Летом 1823 года 9-ая дивизия, в которой числились Муравьев и Бестужев, была отправлена на работу в крепость Бобруйск. До членов Общества дошел слух, что государь собирается быть в крепости. Тогда Муравьев решил, что миг долгожданной революции наступил. Он хотел арестовать императора и, оставя гарнизон в крепости, двинуться на Москву, до которой от Бобруйска было сравнительно не далеко. Ответственную роль возлагали на Алексопольский полк Швейковского. Переодетые в солдатское платье члены Общества должны были присоединиться к полку под видом новопричисленных солдат и арестовать государя, его свиту и генерала Дибича. Не желая взять на себя всю ответственность за выступление, Муравьев послал письмо к Волконскому, Давыдову и Пестелю, прося помощи и совета. Но Пестель настоял, чтобы Давыдов совсем не ответил Муравьеву, а Волконский ответил письмом, в котором уговаривал его еще не приступать к действиям. У Пестеля были «тысячи причин», чтобы не верить в успех предприятия. «Арестование Государя произвело бы или междуусобную войну или неминуемую нашу гибель. Кто устережет Государя? Неужели же вы думаете, что приставленные к нему часовые не оробеют от одного взгляда его? Неужели же вы думаете, что никому не взойдет в голову изменить вам, выручить Государя и тем без великого риска получить награду?», говорил он и снова подтверждал, что без цареубийства не выступит. Государь в Бобруйск не приехал, и план отпал сам собою.
В 1824 году те же планы, и та же картина. Снова ожидали императора на смотр войскам III Корпуса при Белой Церкви. Переодетые в солдатскую форму офицеры должны были по приезде государя в Александрию, сменить караул у царского павильона, ворваться в спальню и убить императора. Муравьев, Тизенгаузен и Швейковский должны были вызвать возмущение в лагере и идти на Киев и на Москву. И опять Александр на смотр не приехал.
И, как если бы революционная горячка стала перемежающейся и периодической, то же самое повторилось и на следующий год, во время лагерного сбора в местечке Лещине, близ Житомира. Царя на эти маневры не ждали и нельзя было начать дело его арестом или убийством. Но случайное обстоятельство чуть не вызвало преждевременной вспышки.

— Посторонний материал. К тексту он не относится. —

lemma SUP_integral_eq_of_dense:
  fixes Q :: "nat \<Rightarrow> 'a measure"
  assumes X: "X \<in> Cb T" and A: "A \<subseteq> borel_probs T" "A \<noteq> {}"
    and Q: "range Q \<subseteq> A" and dense: "A \<subseteq> weak_topology T closure_of range Q"
  shows "(SUP P\<in>A. integral\<^sup>L P X) = (SUP n. integral\<^sup>L (Q n) X)"
proof (rule antisym)
  show "(SUP P\<in>A. integral\<^sup>L P X) \<le> (SUP n. integral\<^sup>L (Q n) X)"
    using integral_closure_le_SUP[OF X] Q A(1) dense by (intro cSUP_least[OF A(2)]) blast
  show "(SUP n. integral\<^sup>L (Q n) X) \<le> (SUP P\<in>A. integral\<^sup>L P X)"
    using bdd_above_integral_Cb[OF X A(1)] Q by (intro cSUP_least cSUP_upper) auto
qed

lemma SUP_integral_attained_in_closure:
  fixes Q :: "nat \<Rightarrow> 'a measure"
  assumes X: "X \<in> Cb T" and Q: "range Q \<subseteq> borel_probs T"
    and K: "compactin (weak_topology T) (weak_topology T closure_of range Q)"
  shows "\<exists>QX \<in> weak_topology T closure_of range Q. (SUP n. integral\<^sup>L (Q n) X) = integral\<^sup>L QX X"
proof -
  let ?K = "weak_topology T closure_of range Q"
  have Q_K: "range Q \<subseteq> ?K"
    using Q by (intro closure_of_subset) (simp add: topspace_weak_topology)
  have "compactin euclideanreal ((\<lambda>\<mu>. integral\<^sup>L \<mu> X) ` ?K)"
    by (rule image_compactin[OF K continuous_map_integral_weak_topology[OF X]])
  moreover have "(\<lambda>\<mu>. integral\<^sup>L \<mu> X) ` ?K \<noteq> {}" using Q_K by auto
  ultimately obtain QX where QX: "QX \<in> ?K" "\<And>\<mu>. \<mu> \<in> ?K \<Longrightarrow> integral\<^sup>L \<mu> X \<le> integral\<^sup>L QX X"
    using compact_attains_sup[of "(\<lambda>\<mu>. integral\<^sup>L \<mu> X) ` ?K"] by auto
  have "(SUP n. integral\<^sup>L (Q n) X) \<le> integral\<^sup>L QX X"
    using QX(2) Q_K by (intro cSUP_least) auto
  moreover have "integral\<^sup>L QX X \<le> (SUP n. integral\<^sup>L (Q n) X)"
    by (rule integral_closure_le_SUP[OF X Q QX(1)])
  ultimately show ?thesis using QX(1) by (intro bexI[of _ QX]) auto
qed

lemma suminf_commute_ennreal:
  fixes f :: "nat \<Rightarrow> nat \<Rightarrow> ennreal"
  shows "(\<Sum>n. \<Sum>i. f n i) = (\<Sum>i. \<Sum>n. f n i)"
proof -
  have "(\<Sum>n. \<Sum>i. f n i) = (\<Sum>n. \<integral>\<^sup>+i. f n i \<partial>count_space UNIV)"
    by (simp add: nn_integral_count_space_nat)
  also have "\<dots> = (\<integral>\<^sup>+i. (\<Sum>n. f n i) \<partial>count_space UNIV)"
    by (rule nn_integral_suminf[symmetric]) simp
  also have "\<dots> = (\<Sum>i. \<Sum>n. f n i)"
    by (simp add: nn_integral_count_space_nat)
  finally show ?thesis .
qed

lemma sigma_algebra_borel_of: "sigma_algebra (topspace X) (sets (borel_of X))"
  unfolding sets_borel_of by (rule sigma_algebra_sigma_sets) (auto dest: openin_subset)

lemma space_mixture: "space (mixture X Q) = topspace X"
  unfolding mixture_def using sigma_algebra.space_measure_of_eq[OF sigma_algebra_borel_of] .

lemma sets_mixture: "sets (mixture X Q) = sets (borel_of X)"
  unfolding mixture_def using sigma_algebra.sets_measure_of_eq[OF sigma_algebra_borel_of] .

lemma emeasure_mixture:
  assumes Q: "range Q \<subseteq> borel_probs X" and A: "A \<in> sets (borel_of X)"
  shows "emeasure (mixture X Q) A = (\<Sum>n. emeasure (Q n) A / 2 ^ Suc n)"
  unfolding mixture_def
proof (rule emeasure_measure_of_sigma[OF sigma_algebra_borel_of _ _ A])
  show "positive (sets (borel_of X)) (\<lambda>A. \<Sum>n. emeasure (Q n) A / 2 ^ Suc n)"
    unfolding positive_def by simp
  show "countably_additive (sets (borel_of X)) (\<lambda>A. \<Sum>n. emeasure (Q n) A / 2 ^ Suc n)"
    unfolding countably_additive_def
  proof (intro allI impI)
    fix B :: "nat \<Rightarrow> _" assume B: "range B \<subseteq> sets (borel_of X)" "disjoint_family B"
    have "(\<Sum>i. \<Sum>n. emeasure (Q n) (B i) / 2 ^ Suc n) = (\<Sum>n. \<Sum>i. emeasure (Q n) (B i) / 2 ^ Suc n)"
      by (rule suminf_commute_ennreal[symmetric])
    also have "\<dots> = (\<Sum>n. emeasure (Q n) (\<Union>i. B i) / 2 ^ Suc n)"
      using B sets_borel_probs[OF range_subsetD[OF Q]] by (simp add: suminf_emeasure)
    finally show "(\<Sum>i. \<Sum>n. emeasure (Q n) (B i) / 2 ^ Suc n) = (\<Sum>n. emeasure (Q n) (\<Union>(range B)) / 2 ^ Suc n)" .
  qed
qed

lemma emeasure_mixture_eq_0_iff:
  assumes "range Q \<subseteq> borel_probs X" and "A \<in> sets (borel_of X)"
  shows "emeasure (mixture X Q) A = 0 \<longleftrightarrow> (\<forall>n. emeasure (Q n) A = 0)"
proof -
  have "emeasure (mixture X Q) A = 0 \<longleftrightarrow> (\<forall>n. emeasure (Q n) A / 2 ^ Suc n = 0)"
    unfolding emeasure_mixture[OF assms] by (rule suminf_eq_zero_iff) auto
  also have "\<dots> \<longleftrightarrow> (\<forall>n. emeasure (Q n) A = 0)"
    by (simp add: ennreal_mult_eq_top_iff power_eq_top_ennreal)
  finally show ?thesis .
qed

lemma SUP_integral_eq_0_iff_AE_mixture:
  assumes f: "f \<in> Cb X" and nonneg: "\<forall>x\<in>topspace X. 0 \<le> f x" and Q: "range Q \<subseteq> borel_probs X"
  shows "(SUP n. integral\<^sup>L (Q n) f) = 0 \<longleftrightarrow> (AE x in mixture X Q. f x = 0)"
proof -
  define N where "N = {x \<in> topspace X. f x \<noteq> 0}"
  have "openin X {x \<in> topspace X. f x \<in> - {0}}"
    by (rule openin_continuous_map_preimage) (use f in \<open>auto simp: Cb_def\<close>)
  then have N: "N \<in> sets (borel_of X)"
    unfolding N_def sets_borel_of by (auto intro: sigma_sets.Basic)
  have Qn: "Q n \<in> borel_probs X" for n using Q by auto
  have integral_eq_0: "integral\<^sup>L (Q n) f = 0 \<longleftrightarrow> emeasure (Q n) N = 0" for n
  proof -
    have "integral\<^sup>L (Q n) f = 0 \<longleftrightarrow> (AE x in Q n. f x = 0)"
      by (rule integral_nonneg_eq_0_iff_AE)
        (use Cb_integrable[OF f Qn] nonneg space_borel_probs[OF Qn] in auto)
    also have "\<dots> \<longleftrightarrow> emeasure (Q n) N = 0"
      by (rule AE_iff_measurable) (use N sets_borel_probs[OF Qn] space_borel_probs[OF Qn] N_def in auto)
    finally show ?thesis .
  qed
  have "(SUP n. integral\<^sup>L (Q n) f) = 0 \<longleftrightarrow> (\<forall>n. integral\<^sup>L (Q n) f = 0)"
  proof
    assume SUP_0: "(SUP n. integral\<^sup>L (Q n) f) = 0"
    show "\<forall>n. integral\<^sup>L (Q n) f = 0"
    proof
      fix n
      have "0 \<le> integral\<^sup>L (Q n) f"
        by (rule integral_nonneg_AE) (use nonneg space_borel_probs[OF Qn] in auto)
      moreover have "integral\<^sup>L (Q n) f \<le> (SUP n. integral\<^sup>L (Q n) f)"
        using bdd_above_integral_Cb[OF f Q] by (intro cSUP_upper) (auto simp: image_image)
      ultimately show "integral\<^sup>L (Q n) f = 0" using SUP_0 by linarith
    qed
  qed simp
  also have "\<dots> \<longleftrightarrow> emeasure (mixture X Q) N = 0"
    using integral_eq_0 emeasure_mixture_eq_0_iff[OF Q N] by simp
  also have "\<dots> \<longleftrightarrow> (AE x in mixture X Q. f x = 0)"
    by (rule AE_iff_measurable[symmetric]) (use N N_def in \<open>auto simp: sets_mixture space_mixture\<close>)
  finally show ?thesis .
qed

section \<open>The path space\<close>

lemma openin_Omega_top: "openin Omega_top U \<longleftrightarrow> ucc_open U"
  unfolding Omega_top_def by (metis topology_inverse'[OF istopology_ucc_open])

lemma topspace_Omega_top: "topspace Omega_top = Omega"
proof -
  have "ucc_open Omega" unfolding ucc_open_def by (auto intro: exI[of _ 1])
  then have "Omega \<subseteq> topspace Omega_top"
    using openin_subset openin_Omega_top by metis
  moreover have "topspace Omega_top \<subseteq> Omega"
    using openin_Omega_top[of "topspace Omega_top"] ucc_open_def by auto
  ultimately show ?thesis by auto
qed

В какой напряженной атмосфере жили члены Общества, видно из того, что достаточно было небольшого факта: у полковника Швейковского отняли полк, – чтобы все они пришли в необычайное волнение. Сергей и Артамон Муравьевы и многие другие члены съехались у Швейковского, который был в совершенном отчаянии и «малодушии». Холерический Артамон предложил тотчас же начинать. Он напомнил о постановлении, принятом Обществом, выступить, как только хотя бы один из членов Общества будет открыт правительством. Не потому ли отняли полк у Швейковского, что Общество обнаружено? И как потерять полк, на который рассчитывали, дать себя постепенно разоружить? Артамон Муравьев всё повторял: «Надобно действовать, пора начать; у меня предчувствие, что если будем медлить, то нас или всех вдруг, или поодиночке, переберут и перевяжут». Все кричали «пора начинать!» Один Тизенгаузен возражал против восстания. Артамон вызывался даже ехать в Таганрог для «нанесения удара» царю, – воистину, он громыхал, как пустая бочка! Но возбуждение скоро остыло и дело ограничилось тем, что послали Бестужева к Пестелю – узнать его мнение. Эти полковники со всеми их фразами об истреблении и восстании не годились ни в Бруты, ни в Риего. Они были военные, а не революционеры; Сергей Муравьев и Бестужев-Рюмин не могли не чувствовать этого. Ни пестелевская тактика террора, ни их собственные планы восстания не подходили для этих добрых свободомыслящих, но не опасных для деспотизма людей.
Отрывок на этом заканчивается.